Anyone ever notice how a flock that's just landed also have they're heads held high when walking up to other geese? It's a sense of competition almost, like they wanna jockey for the spot that has the most corn, or their looking around walking up to the main group.

Every added bit of detail helps when you have to hunt pressured geese, sounds like you guys in NoDak have it a little different. I can't wait to come out there and give it a go again!!! 8)


----------



## nodakoutdoors.com (Feb 27, 2002)

Let's keep on the subject guys. A little too much testosterone in the thread already.
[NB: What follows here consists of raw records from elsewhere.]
(* Let $X$ be a $d$-dimensional Minkowski space whose closed unit ball is a polytope. Then $X$ contains an M-set of cardinality at least $d+1$; in particular $m(X)\geq d+1$.
   Context: A Minkowski space is a finite-dimensional real normed space $(X,\|\cdot\|)$. For a set $S\subseteq X$, its midpoint set is $M(S)=\{\tfrac12(x+y): x,y\in S,\ x\neq y\}$. A set $S\subseteq X$ is an M-set if every vector in $M(S)$ has norm exactly $1$ and every vector in $S$ has norm strictly greater than $1$. $m(X)$ denotes the largest cardinality of an M-set in $X$ if such a largest finite cardinality exists, and $m(X)=\infty$ otherwise. *)

theory Defs
  imports "HOL-Analysis.Analysis" "HOL-Library.Extended_Nat"
begin

text \<open>A norm on a finite-dimensional real vector space (given as a euclidean_space type,
  whose Euclidean norm is ignored): the Minkowski space is the pair (type, nrm).\<close>
definition is_norm :: "('a::real_vector \<Rightarrow> real) \<Rightarrow> bool" where
  "is_norm nrm \<longleftrightarrow>
     (\<forall>x. nrm x = 0 \<longleftrightarrow> x = 0) \<and>
     (\<forall>x. nrm x \<ge> 0) \<and>
     (\<forall>x y. nrm (x + y) \<le> nrm x + nrm y) \<and>
     (\<forall>c x. nrm (scaleR c x) = \<bar>c\<bar> * nrm x)"

definition midpoint_set :: "'a::real_vector set \<Rightarrow> 'a set" where
  "midpoint_set S = {scaleR (1/2) (x + y) | x y. x \<in> S \<and> y \<in> S \<and> x \<noteq> y}"

definition is_Mset :: "('a::real_vector \<Rightarrow> real) \<Rightarrow> 'a set \<Rightarrow> bool" where
  "is_Mset nrm S \<longleftrightarrow> (\<forall>z \<in> midpoint_set S. nrm z = 1) \<and> (\<forall>x \<in> S. nrm x > 1)"

text \<open>m(X): the supremum of cardinalities of finite M-sets (\<infinity> if unbounded;
  this equals the largest cardinality of an M-set when it exists).\<close>
definition m_X :: "('a::real_vector \<Rightarrow> real) \<Rightarrow> enat" where
  "m_X nrm = Sup {enat (card S) | S. finite S \<and> is_Mset nrm S}"

end

theory Submission
  imports Defs
begin
(* Let $\mathcal{X}$ be a set, $K\ge1$, and let classifiers be maps $\mathcal{X}\to[K]$. Let $\mathcal{B}$ assign to each $x\in\mathcal{X}$ a set $\mathcal{B}(x)\subseteq\mathcal{X}$, and for $V\subseteq\mathcal{X}$ let $\mathcal{N}(V)=\{x\in\mathcal{X}:\exists x'\in V \text{ with } \mathcal{B}(x)\cap\mathcal{B}(x')\neq\emptyset\}$. For a classifier $F$ let $\mathcal{S}_{\mathcal{B}}(F)=\{x: F(x)=F(x')\ \forall x'\in\mathcal{B}(x)\}$. Let $F$, $H$, $G_{pl}$ be classifiers. Define $\mathcal{M}(F)=\{x:F(x)\neq H(x)\}$, $\mathcal{M}(G_{pl})=\{x:G_{pl}(x)\neq H(x)\}$, $\mathcal{M}_{pl}(F)=\{x:F(x)\neq G_{pl}(x)\}$, and write $A^c$ for the complement of $A$ in $\mathcal{X}$. Let $S=\mathcal{S}_{\mathcal{B}}(F)\cap\mathcal{S}_{\mathcal{B}}(H)$ and $V=\mathcal{M}(F)\cap\mathcal{M}(G_{pl})\cap S$. Then $\mathcal{N}(V)\cap\mathcal{M}^c(F)\cap S=\emptyset$ and $\mathcal{N}(V)\cap\mathcal{M}^c(G_{pl})\cap S\subseteq\mathcal{M}_{pl}(F)$.
   Context: $G_{pl}$ plays the role of a pseudo-labeler and $H$ of a reference classifier. *)

theory Defs
  imports Main
begin

definition nbhd :: "'a set \<Rightarrow> ('a \<Rightarrow> 'a set) \<Rightarrow> 'a set \<Rightarrow> 'a set" where
  "nbhd X B V = {x \<in> X. \<exists>x'\<in>V. B x \<inter> B x' \<noteq> {}}"

definition robust_set :: "'a set \<Rightarrow> ('a \<Rightarrow> 'a set) \<Rightarrow> ('a \<Rightarrow> nat) \<Rightarrow> 'a set" where
  "robust_set X B F = {x \<in> X. \<forall>x'\<in>B x. F x = F x'}"

definition mistakes :: "'a set \<Rightarrow> ('a \<Rightarrow> nat) \<Rightarrow> ('a \<Rightarrow> nat) \<Rightarrow> 'a set" where
  "mistakes X F G = {x \<in> X. F x \<noteq> G x}"

end

theory Submission
  imports Defs
begin

text \<open>If \<open>x\<close> and \<open>x'\<close> are robust for both \<open>F\<close> and \<open>H\<close> and their neighbourhoods meet
  in some \<open>z\<close>, then \<open>F x = F z = F x'\<close> and \<open>H x = H z = H x'\<close>. So a robust mistake of \<open>F\<close>
  propagates to every robust point of its neighbourhood, and at a point where \<open>G_pl\<close> agrees
  with \<open>H\<close> this mistake is a disagreement with \<open>G_pl\<close>.\<close>

lemma robust_set_eq_if_overlap:
  assumes "x \<in> robust_set X B F" and "x' \<in> robust_set X B F" and "B x \<inter> B x' \<noteq> {}"
  shows "F x = F x'"
proof -
  obtain z where "z \<in> B x" and "z \<in> B x'"
    using assms(3) by blast
  then have "F x = F z" and "F x' = F z"
    using assms(1,2) unfolding robust_set_def by auto
  then show ?thesis by simp
qed

lemma nbhd_robust_subset_mistakes:
  assumes "V \<subseteq> mistakes X F H \<inter> robust_set X B F \<inter> robust_set X B H"
  shows "nbhd X B V \<inter> robust_set X B F \<inter> robust_set X B H \<subseteq> mistakes X F H"
proof
  fix x
  assume x: "x \<in> nbhd X B V \<inter> robust_set X B F \<inter> robust_set X B H"
  then obtain x' where "x' \<in> V" and overlap: "B x \<inter> B x' \<noteq> {}"
    unfolding nbhd_def by blast
  with assms have x': "x' \<in> mistakes X F H \<inter> robust_set X B F \<inter> robust_set X B H"
    by blast
  have "F x = F x'"
    using x x' overlap by (blast intro: robust_set_eq_if_overlap)
  moreover have "H x = H x'"
    using x x' overlap by (blast intro: robust_set_eq_if_overlap)
  ultimately show "x \<in> mistakes X F H"
    using x x' unfolding mistakes_def nbhd_def by auto
qed

theorem mainTheorem2:
  fixes X :: "'a set" and K :: nat and B :: "'a \<Rightarrow> 'a set"
    and F H G_pl :: "'a \<Rightarrow> nat"
  assumes "K \<ge> 1"
    and "\<And>x. x \<in> X \<Longrightarrow> B x \<subseteq> X"
    and "F ` X \<subseteq> {1..K}" and "H ` X \<subseteq> {1..K}" and "G_pl ` X \<subseteq> {1..K}"
  defines "S \<equiv> robust_set X B F \<inter> robust_set X B H"
  defines "V \<equiv> mistakes X F H \<inter> mistakes X G_pl H \<inter> S"
  shows "nbhd X B V \<inter> (X - mistakes X F H) \<inter> S = {} \<and>
         nbhd X B V \<inter> (X - mistakes X G_pl H) \<inter> S \<subseteq> mistakes X F G_pl"
proof -
  have "V \<subseteq> mistakes X F H \<inter> robust_set X B F \<inter> robust_set X B H"
    unfolding V_def S_def by blast
  then have "nbhd X B V \<inter> S \<subseteq> mistakes X F H"
    unfolding S_def using nbhd_robust_subset_mistakes by blast
  then show ?thesis
    unfolding mistakes_def by auto
qed

end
Don't like a decoy...don't buy it. I'm personally trying to amass as many head/body positions as I can for this season.


----------



## dblkluk (Oct 3, 2002)

Word on the street is..they are being shipped out to those who ordered them early. Some guys have them in hand already. The lookers will be the last to get shipped.


----------



## smalls (Sep 9, 2003)

I got 3 doz. on order from Cabelas.

They told me on Friday that it would probably be the middle of august before they see any, I am getting antsy and am not sure if I can hold out that long! I don't understand how they can't get any into the retail outlets and they don't have them on backorder online either...if they have dekes in Kearney or whereever, just get me MINE!


----------



## Guest (Aug 3, 2004)

A few guys on the fuge got em already!!!  Man, I can't wait to get at least 1 1/2 dozen of them. Like Hustad said, more postures the better.


----------



## Kansas Kid (Nov 20, 2003)

I am thinking just like you guys. I want as many different positions in my spread as I can get. I got 1/2 doz from BP last week and Cabela's is shipping the rest right now, I should have them today. I am not getting my new floaters or the GHG Big Foot heads yet though. I am really looking forward to seeing the flocked BF heads. They were cheap enough, I sure hope they look good.

A note on the GHG feet. I had trouble getting the new style feet on some of the decoys, but once I got them on the first time, I have been able to take them on and off without any trouble at all after that. I was getting pretty frustrated for a while, but now I can easily take them on and off the same deks. The flocking is way better than any that I have done.


----------



## jbaincfl (Feb 5, 2003)

I just put some on reserve at Reed's today and they said they don't expect them until the end of August. Anyone else hearing different in the last wek?


----------



## Brett Beinke (Jul 20, 2004)

Most every retailer that ordered them should be seeing actives and feeders within the next week or so at the latest. Lookers should start arriving at retailers around Sept 1st.


----------